Work instructions: Scan the records for the string "dots" and copy every line that holds it.

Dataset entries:
--------------------------------
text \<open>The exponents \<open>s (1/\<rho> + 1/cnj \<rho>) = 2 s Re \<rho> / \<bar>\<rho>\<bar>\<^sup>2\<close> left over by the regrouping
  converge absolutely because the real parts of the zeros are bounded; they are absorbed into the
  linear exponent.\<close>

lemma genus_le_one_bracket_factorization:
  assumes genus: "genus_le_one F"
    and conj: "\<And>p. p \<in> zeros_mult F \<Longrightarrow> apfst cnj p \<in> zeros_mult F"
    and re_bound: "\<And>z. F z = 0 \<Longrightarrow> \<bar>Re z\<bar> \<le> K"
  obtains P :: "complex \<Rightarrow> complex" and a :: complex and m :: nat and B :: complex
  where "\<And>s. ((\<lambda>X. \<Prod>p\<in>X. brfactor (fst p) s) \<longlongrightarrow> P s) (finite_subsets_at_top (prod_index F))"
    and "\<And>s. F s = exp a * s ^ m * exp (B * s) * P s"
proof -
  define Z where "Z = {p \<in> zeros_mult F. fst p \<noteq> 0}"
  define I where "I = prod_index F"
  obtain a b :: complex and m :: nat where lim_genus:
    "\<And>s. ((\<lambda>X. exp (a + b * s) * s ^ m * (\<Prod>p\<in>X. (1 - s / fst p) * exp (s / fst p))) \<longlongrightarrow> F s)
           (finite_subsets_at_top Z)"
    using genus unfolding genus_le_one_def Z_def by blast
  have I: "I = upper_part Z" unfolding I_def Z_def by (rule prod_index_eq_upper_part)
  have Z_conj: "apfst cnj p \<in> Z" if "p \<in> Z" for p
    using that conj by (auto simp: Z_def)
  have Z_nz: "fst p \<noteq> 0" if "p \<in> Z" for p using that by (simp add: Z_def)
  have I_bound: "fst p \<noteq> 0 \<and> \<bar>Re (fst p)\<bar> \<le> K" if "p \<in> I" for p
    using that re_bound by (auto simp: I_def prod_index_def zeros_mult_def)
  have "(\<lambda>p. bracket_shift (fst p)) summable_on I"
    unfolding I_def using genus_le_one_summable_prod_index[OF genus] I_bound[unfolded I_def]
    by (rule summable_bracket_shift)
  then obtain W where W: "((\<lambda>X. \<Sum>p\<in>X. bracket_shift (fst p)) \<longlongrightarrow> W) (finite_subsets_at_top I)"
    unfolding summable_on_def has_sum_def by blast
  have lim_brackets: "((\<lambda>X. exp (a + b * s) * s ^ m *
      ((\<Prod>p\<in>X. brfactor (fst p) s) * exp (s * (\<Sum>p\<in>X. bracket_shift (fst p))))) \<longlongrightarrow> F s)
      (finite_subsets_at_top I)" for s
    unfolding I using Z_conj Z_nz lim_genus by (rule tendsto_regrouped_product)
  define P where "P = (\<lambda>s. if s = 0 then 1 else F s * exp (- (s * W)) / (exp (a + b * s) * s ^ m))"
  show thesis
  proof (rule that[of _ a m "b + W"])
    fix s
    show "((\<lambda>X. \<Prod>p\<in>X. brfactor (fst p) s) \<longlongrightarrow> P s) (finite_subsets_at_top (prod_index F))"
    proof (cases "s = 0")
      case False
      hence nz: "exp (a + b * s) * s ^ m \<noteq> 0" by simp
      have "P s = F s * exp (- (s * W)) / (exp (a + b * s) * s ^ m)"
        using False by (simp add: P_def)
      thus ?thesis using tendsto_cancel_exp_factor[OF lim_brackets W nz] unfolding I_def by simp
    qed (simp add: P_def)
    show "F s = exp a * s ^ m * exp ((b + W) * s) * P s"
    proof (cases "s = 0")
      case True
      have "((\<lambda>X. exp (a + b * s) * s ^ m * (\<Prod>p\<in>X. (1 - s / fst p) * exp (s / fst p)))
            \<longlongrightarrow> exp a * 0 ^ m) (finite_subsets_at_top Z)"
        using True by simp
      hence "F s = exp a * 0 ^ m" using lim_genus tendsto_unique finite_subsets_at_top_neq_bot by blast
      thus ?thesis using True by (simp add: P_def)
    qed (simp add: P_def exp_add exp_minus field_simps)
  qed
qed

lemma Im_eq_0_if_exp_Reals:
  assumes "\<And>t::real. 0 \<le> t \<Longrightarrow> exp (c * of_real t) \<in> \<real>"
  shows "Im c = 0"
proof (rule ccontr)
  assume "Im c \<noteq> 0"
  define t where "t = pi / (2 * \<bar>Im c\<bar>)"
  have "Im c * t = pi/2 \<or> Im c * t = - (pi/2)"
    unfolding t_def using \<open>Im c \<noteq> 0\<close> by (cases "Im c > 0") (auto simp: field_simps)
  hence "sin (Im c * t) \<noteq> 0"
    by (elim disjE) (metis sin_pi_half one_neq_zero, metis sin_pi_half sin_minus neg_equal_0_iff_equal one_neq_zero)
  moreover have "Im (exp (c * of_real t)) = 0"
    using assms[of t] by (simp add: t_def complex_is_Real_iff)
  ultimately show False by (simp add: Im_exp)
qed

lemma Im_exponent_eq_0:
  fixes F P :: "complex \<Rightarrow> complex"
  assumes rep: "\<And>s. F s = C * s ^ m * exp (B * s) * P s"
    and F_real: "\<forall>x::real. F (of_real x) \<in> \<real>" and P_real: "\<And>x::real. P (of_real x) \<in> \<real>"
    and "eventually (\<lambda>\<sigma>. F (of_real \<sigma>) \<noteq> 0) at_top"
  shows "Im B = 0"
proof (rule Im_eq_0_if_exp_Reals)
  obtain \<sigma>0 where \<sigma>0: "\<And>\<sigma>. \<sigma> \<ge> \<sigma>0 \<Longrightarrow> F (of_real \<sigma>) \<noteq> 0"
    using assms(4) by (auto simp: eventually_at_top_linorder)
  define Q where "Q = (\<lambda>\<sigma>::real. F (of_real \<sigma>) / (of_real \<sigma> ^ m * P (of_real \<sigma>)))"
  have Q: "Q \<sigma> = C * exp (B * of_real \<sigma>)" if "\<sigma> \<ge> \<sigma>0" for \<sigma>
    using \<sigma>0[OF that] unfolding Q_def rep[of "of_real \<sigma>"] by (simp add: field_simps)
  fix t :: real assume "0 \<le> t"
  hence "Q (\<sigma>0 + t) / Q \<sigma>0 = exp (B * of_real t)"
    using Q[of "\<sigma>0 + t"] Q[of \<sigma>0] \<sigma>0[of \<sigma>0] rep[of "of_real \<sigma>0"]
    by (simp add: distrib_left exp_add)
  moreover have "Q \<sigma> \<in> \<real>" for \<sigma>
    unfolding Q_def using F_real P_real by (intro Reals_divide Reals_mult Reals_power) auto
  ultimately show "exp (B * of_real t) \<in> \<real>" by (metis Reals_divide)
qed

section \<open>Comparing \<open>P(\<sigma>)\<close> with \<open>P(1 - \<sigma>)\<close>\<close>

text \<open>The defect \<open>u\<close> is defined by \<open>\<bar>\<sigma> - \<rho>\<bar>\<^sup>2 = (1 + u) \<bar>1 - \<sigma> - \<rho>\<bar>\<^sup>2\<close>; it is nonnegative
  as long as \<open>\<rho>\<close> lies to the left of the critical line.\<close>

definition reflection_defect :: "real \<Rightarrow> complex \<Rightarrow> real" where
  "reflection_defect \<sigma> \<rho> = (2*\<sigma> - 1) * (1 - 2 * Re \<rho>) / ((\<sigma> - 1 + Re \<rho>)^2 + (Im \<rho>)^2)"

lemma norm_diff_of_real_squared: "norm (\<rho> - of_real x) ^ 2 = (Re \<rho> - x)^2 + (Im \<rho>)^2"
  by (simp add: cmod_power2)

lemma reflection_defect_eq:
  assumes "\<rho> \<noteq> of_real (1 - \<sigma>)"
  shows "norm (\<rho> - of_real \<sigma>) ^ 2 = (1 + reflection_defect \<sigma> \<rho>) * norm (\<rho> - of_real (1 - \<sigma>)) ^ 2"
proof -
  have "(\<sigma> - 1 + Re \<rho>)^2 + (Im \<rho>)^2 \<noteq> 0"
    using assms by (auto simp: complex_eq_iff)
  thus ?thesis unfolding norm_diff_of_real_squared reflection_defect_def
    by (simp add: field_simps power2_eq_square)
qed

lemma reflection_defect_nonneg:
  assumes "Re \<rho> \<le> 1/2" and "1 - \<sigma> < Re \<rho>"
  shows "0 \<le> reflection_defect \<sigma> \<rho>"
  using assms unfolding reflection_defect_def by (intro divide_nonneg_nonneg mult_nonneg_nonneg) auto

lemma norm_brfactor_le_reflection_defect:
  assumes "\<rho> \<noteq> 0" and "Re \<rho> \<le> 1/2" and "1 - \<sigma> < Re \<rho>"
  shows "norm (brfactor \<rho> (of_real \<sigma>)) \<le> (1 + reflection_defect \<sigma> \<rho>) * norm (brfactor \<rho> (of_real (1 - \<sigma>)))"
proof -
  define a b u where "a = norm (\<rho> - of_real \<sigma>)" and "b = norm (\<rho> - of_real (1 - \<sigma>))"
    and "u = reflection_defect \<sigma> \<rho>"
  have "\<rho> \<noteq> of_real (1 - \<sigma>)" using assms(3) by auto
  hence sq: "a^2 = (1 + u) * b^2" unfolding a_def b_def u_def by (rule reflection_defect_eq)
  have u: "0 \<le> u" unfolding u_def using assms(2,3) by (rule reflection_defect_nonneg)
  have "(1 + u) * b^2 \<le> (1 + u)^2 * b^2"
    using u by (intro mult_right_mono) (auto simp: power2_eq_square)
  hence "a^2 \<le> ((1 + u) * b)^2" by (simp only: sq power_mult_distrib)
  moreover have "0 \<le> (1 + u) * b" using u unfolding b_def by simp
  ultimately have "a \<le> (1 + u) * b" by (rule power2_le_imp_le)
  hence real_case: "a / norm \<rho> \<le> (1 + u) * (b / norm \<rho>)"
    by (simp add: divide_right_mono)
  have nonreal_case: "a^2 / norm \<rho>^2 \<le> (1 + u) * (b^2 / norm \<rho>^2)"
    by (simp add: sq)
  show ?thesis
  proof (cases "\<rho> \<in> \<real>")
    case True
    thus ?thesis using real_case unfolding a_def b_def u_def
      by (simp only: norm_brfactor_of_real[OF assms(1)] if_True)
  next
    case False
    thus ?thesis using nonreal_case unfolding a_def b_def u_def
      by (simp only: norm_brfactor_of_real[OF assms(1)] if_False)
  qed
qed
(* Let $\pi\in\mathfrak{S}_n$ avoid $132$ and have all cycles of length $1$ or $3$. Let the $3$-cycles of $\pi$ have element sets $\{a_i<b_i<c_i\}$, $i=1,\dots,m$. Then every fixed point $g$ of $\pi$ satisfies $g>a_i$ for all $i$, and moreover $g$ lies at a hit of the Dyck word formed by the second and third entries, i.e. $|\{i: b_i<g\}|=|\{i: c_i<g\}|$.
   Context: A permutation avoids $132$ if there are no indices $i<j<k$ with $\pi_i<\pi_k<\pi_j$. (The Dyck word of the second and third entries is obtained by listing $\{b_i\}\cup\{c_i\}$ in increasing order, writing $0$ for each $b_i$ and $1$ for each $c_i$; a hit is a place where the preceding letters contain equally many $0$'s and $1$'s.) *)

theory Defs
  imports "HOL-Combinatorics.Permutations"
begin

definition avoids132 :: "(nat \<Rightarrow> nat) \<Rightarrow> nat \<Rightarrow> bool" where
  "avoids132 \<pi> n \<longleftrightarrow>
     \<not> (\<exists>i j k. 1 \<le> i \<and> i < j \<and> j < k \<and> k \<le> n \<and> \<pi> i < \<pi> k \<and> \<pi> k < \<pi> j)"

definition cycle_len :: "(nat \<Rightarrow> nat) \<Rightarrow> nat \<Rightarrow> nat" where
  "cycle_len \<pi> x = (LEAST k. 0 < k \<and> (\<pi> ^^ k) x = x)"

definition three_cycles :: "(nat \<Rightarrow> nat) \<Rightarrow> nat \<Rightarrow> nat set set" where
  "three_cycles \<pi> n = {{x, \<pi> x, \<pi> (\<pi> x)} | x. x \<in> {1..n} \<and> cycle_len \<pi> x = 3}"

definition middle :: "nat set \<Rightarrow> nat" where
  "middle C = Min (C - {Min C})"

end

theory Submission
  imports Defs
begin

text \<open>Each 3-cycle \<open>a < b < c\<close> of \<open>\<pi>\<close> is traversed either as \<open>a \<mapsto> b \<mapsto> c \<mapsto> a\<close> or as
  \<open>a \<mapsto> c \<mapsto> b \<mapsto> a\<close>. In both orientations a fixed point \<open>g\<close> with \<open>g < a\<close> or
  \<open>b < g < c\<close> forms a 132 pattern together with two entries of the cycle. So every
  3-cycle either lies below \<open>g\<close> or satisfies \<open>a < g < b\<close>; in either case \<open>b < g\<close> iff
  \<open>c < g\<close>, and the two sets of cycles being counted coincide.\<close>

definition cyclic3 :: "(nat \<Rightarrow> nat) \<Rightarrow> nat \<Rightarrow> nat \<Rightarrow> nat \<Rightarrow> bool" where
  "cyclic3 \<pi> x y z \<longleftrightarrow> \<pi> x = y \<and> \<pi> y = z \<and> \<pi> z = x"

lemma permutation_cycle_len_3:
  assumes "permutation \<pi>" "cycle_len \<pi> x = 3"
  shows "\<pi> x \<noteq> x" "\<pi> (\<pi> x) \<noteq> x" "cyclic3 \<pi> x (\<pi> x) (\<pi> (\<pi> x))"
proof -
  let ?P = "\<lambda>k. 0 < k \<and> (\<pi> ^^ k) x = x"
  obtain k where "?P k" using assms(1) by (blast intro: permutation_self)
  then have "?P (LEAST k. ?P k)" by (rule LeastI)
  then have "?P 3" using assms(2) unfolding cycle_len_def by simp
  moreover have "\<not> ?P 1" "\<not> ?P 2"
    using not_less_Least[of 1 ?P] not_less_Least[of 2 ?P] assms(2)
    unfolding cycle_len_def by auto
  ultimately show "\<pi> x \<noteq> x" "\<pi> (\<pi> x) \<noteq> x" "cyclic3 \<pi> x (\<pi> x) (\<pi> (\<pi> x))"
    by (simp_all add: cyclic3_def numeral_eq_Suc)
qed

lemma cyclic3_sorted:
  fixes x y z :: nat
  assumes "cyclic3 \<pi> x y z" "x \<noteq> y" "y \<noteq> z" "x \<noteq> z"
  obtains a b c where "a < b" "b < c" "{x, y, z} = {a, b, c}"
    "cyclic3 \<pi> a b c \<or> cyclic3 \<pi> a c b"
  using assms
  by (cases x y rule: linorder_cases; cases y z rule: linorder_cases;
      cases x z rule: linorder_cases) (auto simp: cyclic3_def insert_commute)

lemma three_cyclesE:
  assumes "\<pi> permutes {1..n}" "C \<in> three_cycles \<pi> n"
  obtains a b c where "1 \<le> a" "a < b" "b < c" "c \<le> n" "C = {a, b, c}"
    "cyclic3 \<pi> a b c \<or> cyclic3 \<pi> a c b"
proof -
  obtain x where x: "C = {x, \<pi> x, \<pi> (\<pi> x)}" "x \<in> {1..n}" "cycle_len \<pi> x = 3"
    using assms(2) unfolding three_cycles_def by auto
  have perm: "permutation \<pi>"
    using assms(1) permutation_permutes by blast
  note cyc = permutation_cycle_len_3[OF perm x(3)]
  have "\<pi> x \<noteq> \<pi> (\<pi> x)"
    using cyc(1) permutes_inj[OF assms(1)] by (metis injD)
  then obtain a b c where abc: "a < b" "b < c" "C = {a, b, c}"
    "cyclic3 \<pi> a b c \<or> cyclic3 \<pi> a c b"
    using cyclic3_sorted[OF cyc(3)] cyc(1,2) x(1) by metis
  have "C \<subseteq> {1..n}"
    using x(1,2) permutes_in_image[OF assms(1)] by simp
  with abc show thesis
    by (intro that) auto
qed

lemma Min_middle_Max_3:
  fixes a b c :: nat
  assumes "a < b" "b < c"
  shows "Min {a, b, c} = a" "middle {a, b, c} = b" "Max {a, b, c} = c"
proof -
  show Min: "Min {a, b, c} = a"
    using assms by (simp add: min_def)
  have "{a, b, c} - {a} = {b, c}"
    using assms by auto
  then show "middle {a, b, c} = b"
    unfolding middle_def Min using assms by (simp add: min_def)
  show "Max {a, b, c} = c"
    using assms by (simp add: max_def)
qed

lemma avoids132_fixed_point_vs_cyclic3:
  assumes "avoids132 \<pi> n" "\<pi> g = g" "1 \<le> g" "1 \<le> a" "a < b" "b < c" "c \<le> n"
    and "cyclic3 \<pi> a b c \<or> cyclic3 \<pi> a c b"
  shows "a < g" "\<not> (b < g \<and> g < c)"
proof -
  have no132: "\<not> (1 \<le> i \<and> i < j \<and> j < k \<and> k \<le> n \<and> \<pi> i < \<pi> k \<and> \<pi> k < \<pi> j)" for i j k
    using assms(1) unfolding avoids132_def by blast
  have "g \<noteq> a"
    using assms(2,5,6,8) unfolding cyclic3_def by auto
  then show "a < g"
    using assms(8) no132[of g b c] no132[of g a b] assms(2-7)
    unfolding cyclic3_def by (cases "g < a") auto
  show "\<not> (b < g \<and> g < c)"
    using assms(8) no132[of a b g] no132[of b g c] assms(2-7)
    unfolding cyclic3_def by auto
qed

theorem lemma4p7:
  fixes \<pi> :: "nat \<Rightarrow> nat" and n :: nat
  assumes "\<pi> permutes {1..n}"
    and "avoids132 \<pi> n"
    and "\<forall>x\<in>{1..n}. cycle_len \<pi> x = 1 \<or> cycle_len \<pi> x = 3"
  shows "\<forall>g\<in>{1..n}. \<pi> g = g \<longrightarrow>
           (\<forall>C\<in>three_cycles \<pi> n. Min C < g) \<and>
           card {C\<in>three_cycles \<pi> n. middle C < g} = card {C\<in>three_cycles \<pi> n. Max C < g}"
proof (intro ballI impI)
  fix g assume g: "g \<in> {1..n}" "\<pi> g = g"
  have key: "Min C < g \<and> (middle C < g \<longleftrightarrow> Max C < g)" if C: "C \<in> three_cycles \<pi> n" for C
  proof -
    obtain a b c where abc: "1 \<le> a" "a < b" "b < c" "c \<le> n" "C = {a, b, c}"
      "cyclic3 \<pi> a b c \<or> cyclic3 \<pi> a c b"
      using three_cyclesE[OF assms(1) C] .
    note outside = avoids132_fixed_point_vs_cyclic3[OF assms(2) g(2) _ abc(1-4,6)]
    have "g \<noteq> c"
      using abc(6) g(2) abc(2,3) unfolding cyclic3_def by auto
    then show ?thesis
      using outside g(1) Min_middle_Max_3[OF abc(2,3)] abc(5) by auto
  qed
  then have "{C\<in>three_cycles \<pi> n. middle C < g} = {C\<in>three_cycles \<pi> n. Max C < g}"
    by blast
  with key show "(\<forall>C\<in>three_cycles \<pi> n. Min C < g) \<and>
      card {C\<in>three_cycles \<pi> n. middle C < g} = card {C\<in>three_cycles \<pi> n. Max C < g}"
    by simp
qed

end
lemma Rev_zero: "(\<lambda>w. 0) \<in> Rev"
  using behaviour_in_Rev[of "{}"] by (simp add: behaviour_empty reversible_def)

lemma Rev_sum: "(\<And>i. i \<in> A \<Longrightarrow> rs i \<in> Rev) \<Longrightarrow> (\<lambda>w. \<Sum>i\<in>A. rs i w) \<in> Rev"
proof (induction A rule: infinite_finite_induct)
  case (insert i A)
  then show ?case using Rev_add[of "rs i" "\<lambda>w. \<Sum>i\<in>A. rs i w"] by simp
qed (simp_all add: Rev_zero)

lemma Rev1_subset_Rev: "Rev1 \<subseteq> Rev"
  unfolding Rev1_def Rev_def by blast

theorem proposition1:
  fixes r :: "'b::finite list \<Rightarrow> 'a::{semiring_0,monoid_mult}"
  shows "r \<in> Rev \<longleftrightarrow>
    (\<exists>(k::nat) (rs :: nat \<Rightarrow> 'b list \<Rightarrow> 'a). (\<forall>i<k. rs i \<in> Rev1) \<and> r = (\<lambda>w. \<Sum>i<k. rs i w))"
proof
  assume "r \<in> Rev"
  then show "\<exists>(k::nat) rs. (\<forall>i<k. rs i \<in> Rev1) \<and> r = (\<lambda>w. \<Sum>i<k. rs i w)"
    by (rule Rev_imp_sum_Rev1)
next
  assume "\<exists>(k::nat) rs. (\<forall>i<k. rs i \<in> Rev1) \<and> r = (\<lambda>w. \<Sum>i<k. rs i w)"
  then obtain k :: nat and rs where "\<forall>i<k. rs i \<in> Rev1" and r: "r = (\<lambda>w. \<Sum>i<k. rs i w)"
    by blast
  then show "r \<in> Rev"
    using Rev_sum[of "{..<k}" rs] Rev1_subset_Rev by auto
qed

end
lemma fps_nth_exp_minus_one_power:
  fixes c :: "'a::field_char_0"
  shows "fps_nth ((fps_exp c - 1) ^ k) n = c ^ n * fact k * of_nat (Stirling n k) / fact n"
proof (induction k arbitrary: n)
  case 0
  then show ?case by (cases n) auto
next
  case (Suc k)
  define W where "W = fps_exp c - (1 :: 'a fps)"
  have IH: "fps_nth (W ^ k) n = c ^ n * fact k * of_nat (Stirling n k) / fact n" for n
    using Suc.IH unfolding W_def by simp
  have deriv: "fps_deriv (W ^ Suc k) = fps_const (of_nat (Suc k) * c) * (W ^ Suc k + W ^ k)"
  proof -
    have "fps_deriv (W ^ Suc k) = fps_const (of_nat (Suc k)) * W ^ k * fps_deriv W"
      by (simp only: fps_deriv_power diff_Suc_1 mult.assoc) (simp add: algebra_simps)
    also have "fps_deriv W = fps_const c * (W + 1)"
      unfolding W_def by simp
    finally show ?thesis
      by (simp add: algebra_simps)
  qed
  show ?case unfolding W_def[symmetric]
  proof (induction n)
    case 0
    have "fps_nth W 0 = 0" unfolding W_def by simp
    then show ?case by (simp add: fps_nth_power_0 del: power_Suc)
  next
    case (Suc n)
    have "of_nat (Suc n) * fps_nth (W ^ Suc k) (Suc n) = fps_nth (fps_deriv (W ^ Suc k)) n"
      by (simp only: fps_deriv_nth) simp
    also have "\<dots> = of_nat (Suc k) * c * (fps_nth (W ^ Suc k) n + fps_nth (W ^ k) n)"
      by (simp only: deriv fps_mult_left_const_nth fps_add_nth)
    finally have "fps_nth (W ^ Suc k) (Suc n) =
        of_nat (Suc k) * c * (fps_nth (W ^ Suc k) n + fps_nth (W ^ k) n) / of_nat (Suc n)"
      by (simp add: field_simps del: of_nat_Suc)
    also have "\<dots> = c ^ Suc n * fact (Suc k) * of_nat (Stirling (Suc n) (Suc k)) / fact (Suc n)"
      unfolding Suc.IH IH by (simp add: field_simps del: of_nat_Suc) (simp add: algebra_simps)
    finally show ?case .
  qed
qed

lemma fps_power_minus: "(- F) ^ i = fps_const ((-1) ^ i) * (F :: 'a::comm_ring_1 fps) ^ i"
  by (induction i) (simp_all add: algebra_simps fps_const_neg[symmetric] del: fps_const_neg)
--------------------------------
Response to the task:
(* Let $\pi\in\mathfrak{S}_n$ avoid $132$ and have all cycles of length $1$ or $3$. Let the $3$-cycles of $\pi$ have element sets $\{a_i<b_i<c_i\}$, $i=1,\dots,m$. Then every fixed point $g$ of $\pi$ satisfies $g>a_i$ for all $i$, and moreover $g$ lies at a hit of the Dyck word formed by the second and third entries, i.e. $|\{i: b_i<g\}|=|\{i: c_i<g\}|$.
    also have "\<dots> = of_nat (Suc k) * c * (fps_nth (W ^ Suc k) n + fps_nth (W ^ k) n)"
    also have "\<dots> = c ^ Suc n * fact (Suc k) * of_nat (Stirling (Suc n) (Suc k)) / fact (Suc n)"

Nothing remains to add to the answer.